The Swin Transformer is composed of four parts: (1) multi-layer perceptron (MLP); (2) window multi-head self-attention layer (W-MSA); (3) sliding-window multi-head self-attention layer (SW-MSA), and (4) layer normalization (LN). The backbone of the Swin Transformer is shown in Figure 3.

It can be seen from Figure 3 that the features input to the Swin Transformer backbone network are first normalized by LN, and learned by W-MSA. Then, the residual is calculated, and the results are passed through an LN and an MLP. Finally, the residual operation is performed again to obtain the output features of this layer. SW-MSA is similar to W-MSA in structure, but the difference is that the SW-MSA requires the sliding window operation. During the whole process, the output of each step is represented in Formulas (1) to (4):

{\hat{z}}^{l} = W - M S A (L N (z^{l - 1})) + z^{l - 1}

(1)

z^{l} = M L P (L N ({\hat{z}}^{l})) + {\hat{z}}^{l}

(2)

{\hat{z}}^{l + 1} = S W - M S A (L N (z^{l})) + z^{l}

(3)

z^{l + 1} = M L P (L N ({\hat{z}}^{l + 1})) + {\hat{z}}^{l + 1}

(4)

The overall network structure of the Swin Transformer is shown in Figure 4.

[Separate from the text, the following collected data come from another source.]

(* Let $P$ be a finite poset and $I\subseteq k[x_P]$ a monomial ideal. Then there is a poset filter $\mathcal{F}\subseteq\mathrm{Hom}(P,\mathbb{N})$ such that the set of monomials of $I$ equals $\{\overline{\Lambda}\phi:\phi\in\mathcal{F}\}$ if and only if $I$ is $P$-stable.
   Context: $\mathbb{N}=\{0,1,\dots\}$; $\mathrm{Hom}(P,\mathbb{N})$ is the set of isotone maps $P\to\mathbb{N}$ ordered pointwise. The ascent of $\phi$ is $\Lambda\phi=\{(p,i)\in P\times\mathbb{N}:\phi(q)\le i<\phi(p)\ \forall q<p\}$, and $\overline{\Lambda}\phi=\prod_{(p,i)\in\Lambda\phi}x_p\in k[x_P]$ ($k$ a field, $k[x_P]$ the polynomial ring in variables $x_p$, $p\in P$). For $b\in P$, a $b$-chain is a multichain $C: p_1\le\dots\le p_r$ in $P$ with $p_r\le b$; its length is $r$ and $m_C=\prod_{i=1}^r x_{p_i}$. $C$ is in a monomial $m$ if $m_C$ divides $m$; it is a longest $b$-chain in $m$ if no $b$-chain in $m$ is longer. $C$ goes through $a$ if $a\le b$ and $a$ is comparable to every $p_i$ (so $a$ can be inserted to give a longer multichain). For an antichain $B$, $m_B=\prod_{b\in B}x_b$. A monomial ideal $I\subseteq k[x_P]$ is $P$-stable if: whenever $m=n\,m_B\in I$ with $n$ a monomial and $B$ an antichain, and $a\in P$ is such that for every $b\in B$ some longest $b$-chain in $m$ goes through $a$, then $n\,x_a\in I$. *)

theory Defs
  imports Main "HOL-Library.Multiset" "HOL-Library.Poly_Mapping"
begin

(* Monomials in the
variables x_p (p in P) are multisets over P (the free commutative monoid on P);
k[x_P] is the monoid algebra ('p multiset =>0 'k). *)

type_synonym ('p, 'k) mpoly = "'p multiset \<Rightarrow>\<^sub>0 'k"

definition mon :: "'p multiset \<Rightarrow> ('p, 'k::field) mpoly" where
  "mon m = Poly_Mapping.single m 1"

definition var :: "'p \<Rightarrow> ('p, 'k::field) mpoly" where
  "var p = mon {#p#}"

definition is_ideal :: "'r::comm_ring_1 set \<Rightarrow> bool" where
  "is_ideal I \<longleftrightarrow> 0 \<in> I \<and> (\<forall>a\<in>I. \<forall>b\<in>I. a + b \<in> I) \<and> (\<forall>a\<in>I. \<forall>r. r * a \<in> I)"

definition ideal_gen :: "'r::comm_ring_1 set \<Rightarrow> 'r set" where
  "ideal_gen S = \<Inter>{J. is_ideal J \<and> S \<subseteq> J}"

definition monomial_ideal :: "('p, 'k::field) mpoly set \<Rightarrow> bool" where
  "monomial_ideal I \<longleftrightarrow> is_ideal I \<and> I = ideal_gen (I \<inter> range mon)"

definition Hom :: "('p::order \<Rightarrow> nat) set" where
  "Hom = {\<phi>. mono \<phi>}"

definition hom_filter :: "('p::order \<Rightarrow> nat) set \<Rightarrow> bool" where
  "hom_filter F \<longleftrightarrow> F \<subseteq> Hom \<and> (\<forall>\<phi>\<in>F. \<forall>\<psi>\<in>Hom. \<phi> \<le> \<psi> \<longrightarrow> \<psi> \<in> F)"

definition ascent :: "('p::order \<Rightarrow> nat) \<Rightarrow> ('p \<times> nat) set" where
  "ascent \<phi> = {(p, i). (\<forall>q. q < p \<longrightarrow> \<phi> q \<le> i) \<and> i < \<phi> p}"

definition ascent_poly :: "('p::order \<Rightarrow> nat) \<Rightarrow> ('p, 'k::field) mpoly" where
  "ascent_poly \<phi> = (\<Prod>(p, i)\<in>ascent \<phi>. var p)"

(* b-chains (multichains p_1 \<le> ... \<le> p_r with p_r \<le> b), as lists;
m_C = mset C, and "C is in m" means m_C divides m, i.e. mset C \<subseteq># m. *)
definition b_chain :: "'p::order \<Rightarrow> 'p list \<Rightarrow> bool" where
  "b_chain b C \<longleftrightarrow> sorted_wrt (\<le>) C \<and> (C \<noteq> [] \<longrightarrow> last C \<le> b)"

definition chain_in :: "'p list \<Rightarrow> 'p multiset \<Rightarrow> bool" where
  "chain_in C m \<longleftrightarrow> mset C \<subseteq># m"

definition longest_b_chain :: "'p::order \<Rightarrow> 'p multiset \<Rightarrow> 'p list \<Rightarrow> bool" where
  "longest_b_chain b m C \<longleftrightarrow> b_chain b C \<and> chain_in C m \<and>
     (\<forall>C'. b_chain b C' \<and> chain_in C' m \<longrightarrow> length C' \<le> length C)"

definition goes_through :: "'p::order \<Rightarrow> 'p \<Rightarrow> 'p list \<Rightarrow> bool" where
  "goes_through a b C \<longleftrightarrow> a \<le> b \<and> (\<forall>p\<in>set C. a \<le> p \<or> p \<le> a)"

definition antichain_set :: "'p::order set \<Rightarrow> bool" where
  "antichain_set B \<longleftrightarrow> (\<forall>x\<in>B. \<forall>y\<in>B. x \<le> y \<longrightarrow> x = y)"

The self-attention mechanism is the key module of Swin Transformer, and its calculation method is shown in Formula (5). Q, K, and V are query, key, and value, respectively. d is the query dimension. B is relative position offset.

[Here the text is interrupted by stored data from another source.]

lemma Delta_a_dprod_treeF:
  fixes lam :: "'k::comm_ring_1" and s t :: "'x atree"
  assumes IH: "\<And>F1 F2 :: 'x aforest. fsize F1 + fsize F2 < fsize (treeF s) + fsize (treeF t) \<Longrightarrow>
      Delta_a lam (dprod lam (basis F1) (basis F2)) =
        dprod_tens lam (Delta_a lam (basis F1)) (Delta_a lam (basis F2))"
  shows "Delta_a lam (dprod lam (basis (treeF s)) (basis (treeF t))) =
    dprod_tens lam (Delta_a lam (basis (treeF s))) (Delta_a lam (basis (treeF t)))"
proof (cases "s = Leaf \<or> t = Leaf")
  case True
  then show ?thesis
    by (auto simp: treeF_Leaf dprod_bulletF_left dprod_bulletF_right Delta_a_basis deltaF_bulletF
        dprod_tens_unit_left dprod_tens_unit_right)
next
  case False
  then obtain a as b bs where s: "s = Bp a as" and t: "t = Bp b bs"
    by (metis atree.exhaust)
  show ?thesis
    unfolding s t basis_treeF_Bp
    by (rule Delta_a_dprod_Bplus)
       (unfold basis_treeF_Bp[symmetric], (rule IH, simp add: s t fsize_treeF_Bp)+)
qed

(* The factor contributed to Delta_a F by everything but its last tree, cf. deltaF_eq_delta_init. *)
definition delta_init :: "'k::comm_ring_1 \<Rightarrow> 'x aforest \<Rightarrow> ('x aforest \<times> 'x aforest \<Rightarrow>\<^sub>0 'k)" where
  "delta_init lam F = (if snd F = [] then unit_tens else
     dprod_tens lam (delta_cutsT lam (fst F))
       (dprod_tens lam (delta_cutsL lam (butlast (snd F))) (delta_dec (fst (last (snd F))))))"

lemma deltaF_glue:
  "deltaF lam (glue F t G) =
    dprod_tens lam (dprod_tens lam (delta_init lam F) (delta_cutsT lam t)) (delta_cutsL lam (snd G))"
proof -
  obtain a as where F: "F = (a, as)" by fastforce
  show ?thesis
  proof (cases "as = []")
    case True
    then show ?thesis
      by (simp add: F delta_init_def glue_def replaceLast_def deltaF_pair dprod_tens_unit_left)
  next
    case False
    then have "as = butlast as @ [last as]" by simp
    moreover have "glue F t G = (a, butlast as @ (fst (last as), t) # snd G)"
      using False by (simp add: F glue_def replaceLast_def)
    ultimately show ?thesis
      using False
      by (simp add: F delta_init_def deltaF_pair delta_cutsL_append delta_cutsL_Cons dprod_tens_assoc)
  qed
qed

A = A ttention (Q, K, V) = S oft M ax (\frac{Q K^{T}}{\sqrt{d}} + B) V

(5)

As the depth of the Swin Transformer increases, the image blocks are gradually merged to construct a hierarchical transformer, which can be used as a general visual backbone network for tasks such as image classification, target detection, and semantic segmentation, and can also be used for dense prediction tasks, improving the performance of small-target detection.

2.3. Mask R-CNN

Mask R-CNN is a well-known member of the R-CNN family. Its outstanding performance in target detection and semantic segmentation makes it one of the best target detection models at present.

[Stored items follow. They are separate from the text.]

lemma PsiFZ_eq_pair_history: "PsiFZ (2*n) p = pair_history (2*n) (perm_pairs n p)"
proof -
  have "fz_step (2*n) p t = (if t \<in> snd ` set (perm_pairs n p) then U else D)
       \<and> fz_weight (2*n) p t = pair_weight (perm_pairs n p) t" if "t \<in> {1..2*n}" for t
  proof -
    have "t \<in> p ` {1..2*n}" using permutes_image[OF pm] that by simp
    then obtain j where j: "j \<in> {1..2*n}" "t = p j" by blast
    show ?thesis unfolding j(2)
      using fz_step_alternating[OF j(1)] snd_perm_pairs_iff[OF j(1)]
        fz_weight_alternating[OF j(1)] pair_weight_perm_pairs[OF j(1)] by simp
  qed
  then have "\<forall>t\<in>set [1..<2*n+1]. fz_step (2*n) p t = (if t \<in> snd ` set (perm_pairs n p) then U else D)
       \<and> fz_weight (2*n) p t = pair_weight (perm_pairs n p) t"
    by (simp del: upt_Suc)
  then show ?thesis unfolding PsiFZ_def pair_history_def by (simp del: upt_Suc)
qed

end

section \<open>rc-fixed Dyck histories and labeled ballot paths\<close>

lemma dyck_history_height_nonneg:
  assumes v: "dyck_history N Hi" and i: "1 \<le> i" "i \<le> Suc N"
  shows "0 \<le> height (fst Hi) i"
  using i
proof (induction i)
  case (Suc i)
  show ?case
  proof (cases "i = 0")
    case False
    have len: "i \<le> length (fst Hi)" using v Suc.prems unfolding dyck_history_def by simp
    then have "fst Hi ! (i - 1) = U \<or> fst Hi ! (i - 1) = D"
      using v False nth_U_or_D[of "fst Hi" "i - 1"] unfolding dyck_history_def by simp
    moreover have "fst Hi ! (i - 1) = D \<Longrightarrow> 1 \<le> height (fst Hi) i"
      using v Suc.prems False unfolding dyck_history_def
      by (fastforce dest: bspec[of _ _ i])
    ultimately show ?thesis using Suc.IH Suc.prems False len height_Suc[of i "fst Hi"] by auto
  qed simp
qed simp

definition first_half :: "nat \<Rightarrow> step list \<times> nat list \<Rightarrow> step list \<times> nat list" where
  "first_half n Hi = (take n (fst Hi), take n (snd Hi))"

lemma first_half_in_LBP:
  assumes v: "dyck_history (2*n) Hi"
  shows "first_half n Hi \<in> LBP n"
proof -
  obtain M W where Hi: "Hi = (M, W)" by force
  have lM: "length M = 2*n" "length W = 2*n" and sM: "set M \<subseteq> {U, D}"
    and bnd: "\<forall>i\<in>{1..2*n}. (M ! (i - 1) = U \<longrightarrow> int (W ! (i - 1)) \<le> height M i) \<and>
                  (M ! (i - 1) = D \<longrightarrow> int (W ! (i - 1)) \<le> height M i - 1)"
    using v unfolding dyck_history_def Hi by auto
  have "ballot_path (take n M)"
    unfolding ballot_path_def
    using sM set_take_subset[of n M] dyck_history_height_nonneg[OF v] lM
    by (auto simp: Hi height_take)
  moreover have "\<forall>i\<in>{1..n}. (take n M ! (i - 1) = U \<longrightarrow> int (take n W ! (i - 1)) \<le> height (take n M) i) \<and>
                  (take n M ! (i - 1) = D \<longrightarrow> int (take n W ! (i - 1)) \<le> height (take n M) i - 1)"
    using bnd by (auto simp: height_take)
  ultimately show ?thesis using lM unfolding LBP_def first_half_def Hi by auto
qed

definition rc_completion :: "step list \<times> nat list \<Rightarrow> step list \<times> nat list" where
  "rc_completion Hi = (fst Hi @ fst (rc Hi), snd Hi @ snd (rc Hi))"

context
  fixes n P w
  assumes lbp: "(P, w) \<in> LBP n"
begin

private lemma LBP_props:
  "length P = n" "length w = n" "set P \<subseteq> {U, D}"
  "k \<in> {1..n} \<Longrightarrow> P ! (k - 1) = U \<or> P ! (k - 1) = D"
  "k \<in> {1..n} \<Longrightarrow> P ! (k - 1) = U \<Longrightarrow> int (w ! (k - 1)) \<le> height P k"
  "k \<in> {1..n} \<Longrightarrow> P ! (k - 1) = D \<Longrightarrow> int (w ! (k - 1)) \<le> height P k - 1"
proof -
  show "length P = n" "length w = n" "set P \<subseteq> {U, D}"
    using lbp unfolding LBP_def ballot_path_def by auto
  then show "k \<in> {1..n} \<Longrightarrow> P ! (k - 1) = U \<or> P ! (k - 1) = D"
    using nth_U_or_D[of P "k - 1"] by auto
  show "k \<in> {1..n} \<Longrightarrow> P ! (k - 1) = U \<Longrightarrow> int (w ! (k - 1)) \<le> height P k"
    "k \<in> {1..n} \<Longrightarrow> P ! (k - 1) = D \<Longrightarrow> int (w ! (k - 1)) \<le> height P k - 1"
    using lbp unfolding LBP_def by auto
qed

private lemma rc_weight_LBP:
  "k \<in> {1..n} \<Longrightarrow> int (rc_weight (P, w) k) =
     (if P ! (k - 1) = U then height P k - int (w ! (k - 1)) else height P k - 1 - int (w ! (k - 1)))"
  using LBP_props(4-6)[of k] unfolding rc_weight_def by auto

private lemma rc_completion_eq:
  "rc_completion (P, w) = (P @ rev (map flip P), w @ rev (map (rc_weight (P, w)) [1..<n+1]))"
  using LBP_props(1) by (simp add: rc_completion_def rc_eq del: upt_Suc)

private lemma rc_completion_first_half:
  "i \<in> {1..n} \<Longrightarrow> fst (rc_completion (P, w)) ! (i - 1) = P ! (i - 1)
     \<and> snd (rc_completion (P, w)) ! (i - 1) = w ! (i - 1)
     \<and> height (fst (rc_completion (P, w))) i = height P i"
  using LBP_props(1,2) by (auto simp: rc_completion_eq nth_append height_append)

private lemma rc_completion_second_half:
  assumes k: "k \<in> {1..n}"
  shows "fst (rc_completion (P, w)) ! (2*n - k) = flip (P ! (k - 1))
     \<and> snd (rc_completion (P, w)) ! (2*n - k) = rc_weight (P, w) k
     \<and> height (fst (rc_completion (P, w))) (2*n + 1 - k) = height P (Suc k)"
proof -
  have "n - Suc (n - k) = k - 1" "Suc (k - 1) = k" "\<not> 2*n - k < n" "2*n - k - n = n - k"
    using k by auto
  then show ?thesis
    using k LBP_props(1,2) height_append_mirror[of k P]
    by (simp add: rc_completion_eq nth_append rev_nth del: upt_Suc)
qed

private lemma height_Suc_LBP:
  "k \<in> {1..n} \<Longrightarrow> height P (Suc k) = height P k + (if P ! (k - 1) = U then 1 else -1)"
  using height_Suc[of k P] LBP_props(1) LBP_props(4)[of k] by auto

lemma dyck_history_rc_completion: "dyck_history (2*n) (rc_completion (P, w))"
proof -
  define M where "M = fst (rc_completion (P, w))"
  define W where "W = snd (rc_completion (P, w))"
  have lM: "length M = 2*n" "length W = 2*n" using LBP_props(1,2) by (auto simp: M_def W_def rc_completion_eq)
  have "height M (Suc (2*n)) = 0"
    using height_append_mirror[of 0 P] LBP_props(1) by (simp add: M_def rc_completion_eq)
  moreover have "(M ! (i - 1) = U \<longrightarrow> int (W ! (i - 1)) \<le> height M i) \<and>
                  (M ! (i - 1) = D \<longrightarrow> int (W ! (i - 1)) \<le> height M i - 1)" if i: "i \<in> {1..2*n}" for i
  proof (cases "i \<le> n")
    case True
    then show ?thesis using rc_completion_first_half[of i] LBP_props(5,6)[of i] i
      unfolding M_def W_def by auto
  next
    case False
    define k where "k = 2*n + 1 - i"
    have k: "k \<in> {1..n}" "i - 1 = 2*n - k" "i = 2*n + 1 - k" using False i k_def by auto
    show ?thesis using rc_completion_second_half[OF k(1)] rc_weight_LBP[OF k(1)] height_Suc_LBP[OF k(1)]
      unfolding M_def W_def k(2) by (subst (1 2) k(3)) auto
  qed
  ultimately show ?thesis
    using lM LBP_props(3) unfolding dyck_history_def M_def W_def by (auto simp: rc_completion_eq)
qed

private lemma rc_weight_rc_completion_first_half:
  "i \<in> {1..n} \<Longrightarrow> rc_weight (rc_completion (P, w)) i = rc_weight (P, w) i"
  using rc_completion_first_half[of i] unfolding rc_weight_def by simp

private lemma rc_weight_rc_completion_second_half:
  assumes k: "k \<in> {1..n}"
  shows "rc_weight (rc_completion (P, w)) (2*n + 1 - k) = w ! (k - 1)"
proof -
  have "2*n + 1 - k - 1 = 2*n - k" using k by simp
  then show ?thesis
    using rc_completion_second_half[OF k] rc_weight_LBP[OF k] height_Suc_LBP[OF k] LBP_props(4)[OF k]
    unfolding rc_weight_def by auto
qed

lemma rc_rc_completion: "rc (rc_completion (P, w)) = rc_completion (P, w)"
proof -
  define M where "M = fst (rc_completion (P, w))"
  define W where "W = snd (rc_completion (P, w))"
  have lM: "length M = 2*n" "length W = 2*n" using LBP_props(1,2) by (auto simp: M_def W_def rc_completion_eq)
  have "rev (map flip M) = M" by (simp add: M_def rc_completion_eq rev_map o_def)
  moreover have "rev (map (rc_weight (M, W)) [1..<2*n + 1]) ! q = W ! q" if q: "q < 2*n" for q
  proof -
    have "rev (map (rc_weight (M, W)) [1..<2*n + 1]) ! q = rc_weight (M, W) (2*n - q)"
      using q by (simp add: rev_nth Suc_diff_Suc del: upt_Suc)
    moreover have "rc_weight (M, W) (2*n - q) = W ! q"
    proof (cases "q < n")
      case True
      have k: "Suc q \<in> {1..n}" "2*n - q = 2*n + 1 - Suc q" using True by auto
      have "W ! q = w ! q" using True LBP_props(2) by (simp add: W_def rc_completion_eq nth_append)
      then show ?thesis using rc_weight_rc_completion_second_half[OF k(1)] unfolding k(2) M_def W_def by simp
    next
      case False
      have i: "2*n - q \<in> {1..n}" "2*n - (2*n - q) = q" using q False by auto
      show ?thesis using rc_weight_rc_completion_first_half[OF i(1)] rc_completion_second_half[OF i(1)]
        unfolding i(2) M_def W_def by simp
    qed
    ultimately show ?thesis by simp
  qed
  moreover have "rc_completion (P, w) = (M, W)" by (simp add: M_def W_def)
  ultimately show ?thesis using lM by (simp add: rc_eq list_eq_iff_nth_eq del: upt_Suc)
qed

As shown in Figure 5, a mask prediction branch is added on the basis of the Faster R-CNN, and a Feature Pyramid Network (FPN) is incorporated into the backbone (ResNet-50) for feature extraction, enabling better utilization of multi-scale information; also, the region of interest pooling layer is improved (Region of Interesting Pooling, Rol Pooling) is the ROI matching layer (Region of Interesting Align, Rol Align), and the bilinear interpolation method is used to replace the rounding method in the prediction box extraction process. The method solves the problem that the two quantification times are not matched in the application of Rol Pooling in the Faster R-CNN, improving the accuracy of the candidate frame. The Mask R-CNN image-processing method mainly comprises the following steps of: firstly, inputting an image into a residual network to extract features, generating a multi-scale feature map, carrying out side connection, and carrying out tensor addition on the feature map in each stage after double up-sampling and on the adjacent bottom layer; and then, which is sent to the Region Proposal Network (RPN) to generate candidate regions on the feature maps of different sizes, and input the candidate regions and the feature maps into Rol Align to obtain a prediction box, and finally classify and regress the prediction box to generate a high-quality instance segmentation mask of the detected object. On the whole, Mask R-CNN has been greatly improved in all aspects of performance compared with Faster R-CNN. In terms of loss function, Mask R-CNN creatively uses a multi-task loss function to minimize the value of the loss function by means of continuous learning, and finally achieves the global optimal solution.

2.4. PAFPN

Based on FPN, PAFPN adds the fusion path from bottom to top, enhancing the multi-scale fusion information of FPN. Low-level features play an important role in locating large targets, but there is a long path between high-level features and low-level features (as shown in Figure 6a), bringing great difficulty in performing accurate positioning. In order to enhance the feature pyramid with low-level accurate positioning information and shorten the information path, a bottom-up path enhancement based on FPN (shown in Figure 6b) is created by PAFPN, which can improve the feature pyramid architecture and shorten the information path by using the precise positioning signals stored in the low-level features.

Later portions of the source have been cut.